(Stored data)
══════════════════════════════
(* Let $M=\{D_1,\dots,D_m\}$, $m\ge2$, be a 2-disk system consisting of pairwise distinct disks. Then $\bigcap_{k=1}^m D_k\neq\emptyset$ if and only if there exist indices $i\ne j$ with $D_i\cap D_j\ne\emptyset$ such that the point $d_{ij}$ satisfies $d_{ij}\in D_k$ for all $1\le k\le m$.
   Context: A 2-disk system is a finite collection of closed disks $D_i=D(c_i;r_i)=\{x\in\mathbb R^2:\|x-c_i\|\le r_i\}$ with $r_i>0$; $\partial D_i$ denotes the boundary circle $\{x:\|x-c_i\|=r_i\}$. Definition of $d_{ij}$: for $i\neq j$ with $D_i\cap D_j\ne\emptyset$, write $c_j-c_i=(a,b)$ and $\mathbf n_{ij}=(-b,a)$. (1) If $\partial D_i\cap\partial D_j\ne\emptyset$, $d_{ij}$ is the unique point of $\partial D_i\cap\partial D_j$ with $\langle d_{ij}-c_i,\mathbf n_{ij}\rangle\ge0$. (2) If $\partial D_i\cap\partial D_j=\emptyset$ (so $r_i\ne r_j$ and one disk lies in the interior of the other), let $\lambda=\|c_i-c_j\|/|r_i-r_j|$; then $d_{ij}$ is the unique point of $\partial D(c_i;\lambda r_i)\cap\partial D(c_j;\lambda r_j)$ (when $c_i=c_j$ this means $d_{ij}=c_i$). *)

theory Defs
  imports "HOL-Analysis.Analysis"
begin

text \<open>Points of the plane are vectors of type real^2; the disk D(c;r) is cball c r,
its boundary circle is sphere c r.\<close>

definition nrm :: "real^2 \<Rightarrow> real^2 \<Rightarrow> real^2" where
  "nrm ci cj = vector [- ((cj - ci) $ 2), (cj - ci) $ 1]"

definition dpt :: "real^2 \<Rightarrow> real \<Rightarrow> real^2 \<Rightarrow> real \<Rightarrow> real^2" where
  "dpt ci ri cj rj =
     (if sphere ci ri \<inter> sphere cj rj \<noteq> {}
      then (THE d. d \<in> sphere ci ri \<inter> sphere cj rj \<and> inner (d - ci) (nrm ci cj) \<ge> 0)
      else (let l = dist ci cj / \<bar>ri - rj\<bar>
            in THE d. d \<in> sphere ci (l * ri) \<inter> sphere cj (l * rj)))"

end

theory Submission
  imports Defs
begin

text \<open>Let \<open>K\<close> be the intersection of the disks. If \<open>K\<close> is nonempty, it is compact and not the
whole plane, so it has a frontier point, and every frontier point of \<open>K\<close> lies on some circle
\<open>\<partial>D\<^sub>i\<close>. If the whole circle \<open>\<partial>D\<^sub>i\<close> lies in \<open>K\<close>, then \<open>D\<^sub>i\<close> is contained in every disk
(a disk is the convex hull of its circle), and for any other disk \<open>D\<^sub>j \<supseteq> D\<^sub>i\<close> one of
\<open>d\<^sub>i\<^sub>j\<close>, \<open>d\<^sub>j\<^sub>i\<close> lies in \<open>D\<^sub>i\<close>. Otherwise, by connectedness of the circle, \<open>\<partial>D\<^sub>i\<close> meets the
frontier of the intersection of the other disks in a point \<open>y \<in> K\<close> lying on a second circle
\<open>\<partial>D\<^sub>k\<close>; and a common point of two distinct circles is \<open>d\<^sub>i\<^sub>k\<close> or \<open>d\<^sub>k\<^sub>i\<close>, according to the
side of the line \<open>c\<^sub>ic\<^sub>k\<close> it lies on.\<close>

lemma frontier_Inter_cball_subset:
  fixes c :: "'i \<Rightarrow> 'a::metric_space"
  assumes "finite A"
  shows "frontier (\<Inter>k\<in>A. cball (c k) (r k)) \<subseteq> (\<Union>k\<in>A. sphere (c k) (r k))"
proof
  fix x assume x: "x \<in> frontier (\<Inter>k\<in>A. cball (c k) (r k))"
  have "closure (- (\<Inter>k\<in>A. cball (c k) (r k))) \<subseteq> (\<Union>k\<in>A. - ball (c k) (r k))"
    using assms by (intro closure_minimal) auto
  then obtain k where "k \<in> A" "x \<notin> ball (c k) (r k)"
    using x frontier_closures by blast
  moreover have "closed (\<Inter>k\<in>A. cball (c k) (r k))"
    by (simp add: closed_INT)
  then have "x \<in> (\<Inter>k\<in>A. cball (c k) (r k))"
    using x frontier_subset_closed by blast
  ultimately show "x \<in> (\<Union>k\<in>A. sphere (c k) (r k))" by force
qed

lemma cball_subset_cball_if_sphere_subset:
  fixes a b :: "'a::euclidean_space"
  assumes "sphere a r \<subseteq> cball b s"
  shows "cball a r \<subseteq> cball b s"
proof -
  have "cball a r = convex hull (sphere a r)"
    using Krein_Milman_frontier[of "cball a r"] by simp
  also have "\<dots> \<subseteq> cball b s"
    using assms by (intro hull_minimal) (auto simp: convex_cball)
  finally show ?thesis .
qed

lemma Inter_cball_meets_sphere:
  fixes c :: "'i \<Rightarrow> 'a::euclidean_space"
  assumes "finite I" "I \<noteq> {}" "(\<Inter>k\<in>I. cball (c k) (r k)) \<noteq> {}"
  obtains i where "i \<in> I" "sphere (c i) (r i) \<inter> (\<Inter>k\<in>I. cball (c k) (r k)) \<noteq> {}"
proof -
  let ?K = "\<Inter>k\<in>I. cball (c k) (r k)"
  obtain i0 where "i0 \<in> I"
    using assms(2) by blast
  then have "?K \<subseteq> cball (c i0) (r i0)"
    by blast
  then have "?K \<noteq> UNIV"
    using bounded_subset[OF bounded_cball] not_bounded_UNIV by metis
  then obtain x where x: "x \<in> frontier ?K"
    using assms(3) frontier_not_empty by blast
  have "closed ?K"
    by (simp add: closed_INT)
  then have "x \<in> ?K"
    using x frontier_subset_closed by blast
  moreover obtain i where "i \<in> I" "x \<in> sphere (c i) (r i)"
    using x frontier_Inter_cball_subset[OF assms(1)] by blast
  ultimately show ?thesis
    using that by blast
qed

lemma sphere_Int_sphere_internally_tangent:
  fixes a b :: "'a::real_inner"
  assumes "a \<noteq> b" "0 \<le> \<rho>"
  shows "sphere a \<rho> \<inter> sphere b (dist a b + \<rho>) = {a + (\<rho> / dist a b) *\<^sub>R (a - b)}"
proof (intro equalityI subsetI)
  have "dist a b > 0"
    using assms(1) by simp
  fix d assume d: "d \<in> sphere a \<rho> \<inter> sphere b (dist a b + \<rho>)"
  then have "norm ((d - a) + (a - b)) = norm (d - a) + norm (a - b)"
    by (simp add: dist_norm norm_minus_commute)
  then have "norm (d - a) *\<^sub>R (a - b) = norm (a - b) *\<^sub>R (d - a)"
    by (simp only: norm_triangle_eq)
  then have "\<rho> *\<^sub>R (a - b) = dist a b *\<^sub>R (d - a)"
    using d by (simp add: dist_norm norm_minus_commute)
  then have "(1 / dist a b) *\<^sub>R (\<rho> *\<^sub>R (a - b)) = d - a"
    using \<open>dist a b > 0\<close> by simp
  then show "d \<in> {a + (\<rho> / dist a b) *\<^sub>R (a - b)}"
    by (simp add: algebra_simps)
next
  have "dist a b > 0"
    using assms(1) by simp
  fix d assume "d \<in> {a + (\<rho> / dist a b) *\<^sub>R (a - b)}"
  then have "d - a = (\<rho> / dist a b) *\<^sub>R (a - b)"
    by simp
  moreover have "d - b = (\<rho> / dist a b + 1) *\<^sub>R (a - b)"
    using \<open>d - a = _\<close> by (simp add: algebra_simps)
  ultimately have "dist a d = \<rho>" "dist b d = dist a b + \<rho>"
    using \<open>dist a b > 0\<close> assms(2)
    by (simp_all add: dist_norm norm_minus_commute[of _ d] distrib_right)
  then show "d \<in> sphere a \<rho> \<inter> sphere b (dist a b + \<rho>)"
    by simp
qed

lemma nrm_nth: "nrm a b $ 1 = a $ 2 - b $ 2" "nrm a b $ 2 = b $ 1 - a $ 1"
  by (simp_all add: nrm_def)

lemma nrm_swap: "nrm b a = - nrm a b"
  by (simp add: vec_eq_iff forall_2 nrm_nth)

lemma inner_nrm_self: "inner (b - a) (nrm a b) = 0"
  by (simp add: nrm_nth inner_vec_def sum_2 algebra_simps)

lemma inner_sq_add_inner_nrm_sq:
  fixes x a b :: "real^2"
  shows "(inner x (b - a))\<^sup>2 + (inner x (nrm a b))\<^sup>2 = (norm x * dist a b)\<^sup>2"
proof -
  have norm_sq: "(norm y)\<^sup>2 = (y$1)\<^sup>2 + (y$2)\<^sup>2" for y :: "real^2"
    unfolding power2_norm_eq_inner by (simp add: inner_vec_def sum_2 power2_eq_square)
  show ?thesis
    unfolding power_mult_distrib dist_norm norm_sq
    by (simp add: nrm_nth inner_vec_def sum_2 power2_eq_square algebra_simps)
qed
══════════════════════════════
What this task involves. Could you return all lines from the data above that contain the string "boundary"?

Response to the task.
   Context: A 2-disk system is a finite collection of closed disks $D_i=D(c_i;r_i)=\{x\in\mathbb R^2:\|x-c_i\|\le r_i\}$ with $r_i>0$; $\partial D_i$ denotes the boundary circle $\{x:\|x-c_i\|=r_i\}$. Definition of $d_{ij}$: for $i\neq j$ with $D_i\cap D_j\ne\emptyset$, write $c_j-c_i=(a,b)$ and $\mathbf n_{ij}=(-b,a)$. (1) If $\partial D_i\cap\partial D_j\ne\emptyset$, $d_{ij}$ is the unique point of $\partial D_i\cap\partial D_j$ with $\langle d_{ij}-c_i,\mathbf n_{ij}\rangle\ge0$. (2) If $\partial D_i\cap\partial D_j=\emptyset$ (so $r_i\ne r_j$ and one disk lies in the interior of the other), let $\lambda=\|c_i-c_j\|/|r_i-r_j|$; then $d_{ij}$ is the unique point of $\partial D(c_i;\lambda r_i)\cap\partial D(c_j;\lambda r_j)$ (when $c_i=c_j$ this means $d_{ij}=c_i$). *)
its boundary circle is sphere c r.\<close>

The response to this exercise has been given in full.